### SUPPLIED MATERIAL
text \<open>Both sides are finite measures in \<open>A\<close> that agree on cylinders.\<close>

lemma prob_Int_box_vimage:
  assumes D: "D \<in> sets (F n)" and A: "A \<in> sets (seqspace E)"
  shows "prob (D \<inter> (box n Y -` A \<inter> space M)) = prob D * measure (law M E Y) A"
proof -
  have DM: "D \<in> events" using sets_F_events[OF D] .
  let ?P = "distr (density M (indicator D)) (seqspace E) (box n Y)"
  let ?Q = "density (law M E Y) (\<lambda>_. ennreal (prob D))"
  have box_meas: "box n Y \<in> measurable (density M (indicator D)) (seqspace E)"
    using box_measurable by (simp add: measurable_cong_sets[OF sets_density refl])
  have "?P = ?Q"
  proof (rule measure_eqI_PiM_infinite)
    show "sets ?P = sets (seqspace E)" "sets ?Q = sets (seqspace E)"
      by (simp_all add: sets_law)
    interpret D: finite_measure "density M (indicator D)"
      using finite_measure_restricted[OF DM] .
    show "finite_measure ?P" by (rule D.finite_measure_distr[OF box_meas])
  next
    fix J :: "nat set" and B assume J: "finite J" and B: "\<And>i. i \<in> J \<Longrightarrow> B i \<in> sets E"
    let ?X = "prod_emb UNIV (\<lambda>_. E) J (Pi\<^sub>E J B)"
    have X: "?X \<in> sets (seqspace E)" using B J by (intro sets_PiM_I) auto
    have "emeasure ?P ?X = emeasure M (D \<inter> (box n Y -` ?X \<inter> space M))"
      using X box_meas by (simp add: emeasure_distr emeasure_restricted DM box_vimage_events)
    also have "\<dots> = ennreal (prob D) * ennreal (measure (law M E Y) ?X)"
      using prob_Int_box_vimage_prod_emb[OF D J B]
      by (simp add: emeasure_eq_measure ennreal_mult)
    also have "\<dots> = emeasure ?Q ?X"
      using X by (simp add: emeasure_density_const law.emeasure_eq_measure sets_law)
    finally show "emeasure ?P ?X = emeasure ?Q ?X" .
  qed
  then have "measure ?P A = measure ?Q A" by simp
  moreover have "measure ?P A = prob (D \<inter> (box n Y -` A \<inter> space M))"
    using A box_meas by (simp add: measure_distr measure_restricted DM box_vimage_events)
  moreover have "measure ?Q A = prob D * measure (law M E Y) A"
    using A by (simp add: measure_density_const sets_law)
  ultimately show ?thesis by simp
qed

### TASK TO CARRY OUT
Filter the lines above so that only those with the string "seqspace" remain, then copy them.

### PROBLEM SOLUTION
  assumes D: "D \<in> sets (F n)" and A: "A \<in> sets (seqspace E)"
  let ?P = "distr (density M (indicator D)) (seqspace E) (box n Y)"
  have box_meas: "box n Y \<in> measurable (density M (indicator D)) (seqspace E)"
    show "sets ?P = sets (seqspace E)" "sets ?Q = sets (seqspace E)"
    have X: "?X \<in> sets (seqspace E)" using B J by (intro sets_PiM_I) auto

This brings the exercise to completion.